Figure 1: Our approach, HINT, aligns visual explanations for output decisions of a pretrained model with spatial input regions deemed important by human annotators – forcing models to base their decisions on these same region and reducing model bias.

While somewhat dissatisfying, these findings are not entirely surprising – after all, standard training protocols do not provide any guidance for visual grounding. Instead, models are trained on input-output pairs and must resolve grounding from co-occurrences – a challenging task, especially in the presence of more direct and easier to learn correlations in language. Consider our previous example question, the words ‘color’, ‘banana’, and ‘yellow’ are given as discrete tokens that will trivially match in every occurrence when these underlying concepts are referenced. In contrast, actually grounding this question requires dealing with all visual variations of bananas and learning the common feature of things described as ‘yellow’. To address this, we explore if giving a small hint in the form of human attention demonstrations can help improve grounding and reliability.

For the dominant paradigm of vision-and-language models that compute an explicit question-guided attention over image regions [shih_2016, xiong2016dynamic, kazemi_2017, yang2016stacked, lu2018Neural, anderson_2017], a seemingly straight-forward solution is to provide explicit grounding supervision – training models to attend to the appropriate image regions. While prior work [qiao2018exploring, liu2017attention] has shown this approach results in more human-like attention maps, our experiments show it to be ineffective at reducing language bias. Crucially, attention mechanisms are bottom-up processes that feed final classification models such that even when attending to appropriate regions, models can ignore visual content in favor of language bias. In response, we introduce a generic, second-order approach that instead aligns gradient-based explanations with human attention.

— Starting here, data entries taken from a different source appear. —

(* In the standing setting below, assume $A$ has full column rank and that $(w_t,Q_t)_{t=1}^T$ is a quadrature rule on $\mathrm{SO}(d+1)$ with positive weights and degree of accuracy $n\ge K$. Let $P_A=\sum_j(\beta_{\mathrm{aug}})_j\varphi_j$, where $\beta_{\mathrm{aug}}$ minimises $L_{\mathrm{aug}}$. Then $P_A$ is exactly rotation invariant: $\varepsilon_{\mathrm{sym}}(P_A)=0$.
   Context: $S^{N,d}=(S^d)^N$ with $L^2$ taken w.r.t. the product of normalised uniform surface measures; $Q\in\mathrm{SO}(d+1)$ acts elementwise, $Q\cdot(\mathbf r_1,\dots,\mathbf r_N)=(Q\mathbf r_1,\dots,Q\mathbf r_N)$. $V^{N,d}_K$: restrictions to $S^{N,d}$ of complex polynomials of total degree $\le K$ in Cartesian coordinates; $B^{N,d}_K$: its rotation-invariant subspace. Fix an orthonormal basis $\varphi_1,\dots,\varphi_m$ of $V^{N,d}_K$ with $\varphi_1,\dots,\varphi_{m_{\mathrm I}}$ a basis of $B^{N,d}_K$ and the rest a basis of its orthogonal complement. Data: points $R_1,\dots,R_n\in S^{N,d}$, a rotation-invariant target $f$, $Y_i=f(R_i)$; design matrix $A_{ij}=\varphi_j(R_i)$; $(A\circ Q)_{ij}=\varphi_j(Q\cdot R_i)$. Augmentation parameters: weights $w_1,\dots,w_T$ with $\sum_tw_t=1$ and rotations $Q_1,\dots,Q_T$; the augmented loss is $L_{\mathrm{aug}}(\beta)=\frac12\sum_tw_t\|(A\circ Q_t)\beta-Y\|^2$. A quadrature rule $(w_t,Q_t)_{t=1}^T$ on $\mathrm{SO}(d+1)$ has degree of accuracy $n$ if $\sum_tw_tp(Q_t)=\int_{\mathrm{SO}(d+1)}p\,dH$ for every polynomial $p$ of degree $\le n$ in the matrix entries of $Q$, where $H$ is the normalised Haar measure. $\varepsilon_{\mathrm{sym}}(g)=\|g-\mathrm{sym}(g)\|_{L^2}$ with $\mathrm{sym}$ the $L^2$-orthogonal projection onto rotation-invariant functions. *)

theory Defs
  imports "HOL-Probability.Probability"
begin

text \<open>Conventions. The ambient space R^(d+1) is real^'n (so CARD('n) = d+1),
the particle index set {1..N} is the finite type 'p. A configuration
(r_1,...,r_N) is a function 'p => real^'n.\<close>

type_synonym ('p,'n) config = "'p \<Rightarrow> real^'n"

definition SO :: "(real^'n^'n) set" where
  "SO = {Q. orthogonal_matrix Q \<and> det Q = 1}"

definition config_sphere :: "('p::finite,'n::finite) config set" where
  "config_sphere = {R. \<forall>p. norm (R p) = 1}"

definition rot_act :: "real^'n^'n \<Rightarrow> ('p,'n::finite) config \<Rightarrow> ('p,'n) config" where
  "rot_act Q R = (\<lambda>p. Q *v R p)"

text \<open>Normalised uniform surface measure on S^d: radial projection of the
uniform probability measure on the unit ball (the cone measure).\<close>
definition sphere_measure :: "(real^'n::finite) measure" where
  "sphere_measure = distr (uniform_measure lborel (ball 0 1)) borel (\<lambda>x. x /\<^sub>R norm x)"

definition config_measure :: "('p::finite,'n::finite) config measure" where
  "config_measure = PiM UNIV (\<lambda>_. sphere_measure)"

definition cmono :: "('p::finite \<Rightarrow> 'n::finite \<Rightarrow> nat) \<Rightarrow> ('p,'n) config \<Rightarrow> complex" where
  "cmono \<alpha> R = (\<Prod>p\<in>UNIV. \<Prod>i\<in>UNIV. complex_of_real ((R p $ i) ^ \<alpha> p i))"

Our approach, which we call Human Importance-aware Network Tuning (HINT), enforces a ranking loss between human annotations of input importance and gradient-based explanations produced by a deep network – updating model parameters via a gradient-of-gradient step. Importantly, this constrains models to not only look at the correct regions but to also be sensitive to the content present there when making predictions. While we experiment with HINT in the context of vision-and-language problems, the approach itself is general and can be applied to focus model decisions on specific inputs in any context.

We apply HINT to two tasks – Visual Question Answering (VQA) [antol2015vqa] and image captioning [LinECCV14coco] – and find our approach significantly improves visual grounding. With human importance supervision for only 6% of the training set, our HINT’ed model improves the state-of-the-art by 8 percentage points on the challenging dataset VQA Under Changing Priors (VQA-CP) [agrawal2018don], which is designed to test visual grounding. In both VQA and Image Captioning, we see significantly improved correlations between human attention and visual explanations for HINT trained models, showing that models learn to make decisions using similar evidence as humans (even on new images). We perform human studies which show that humans perceive models trained using HINT to be more reasonable and trustworthy.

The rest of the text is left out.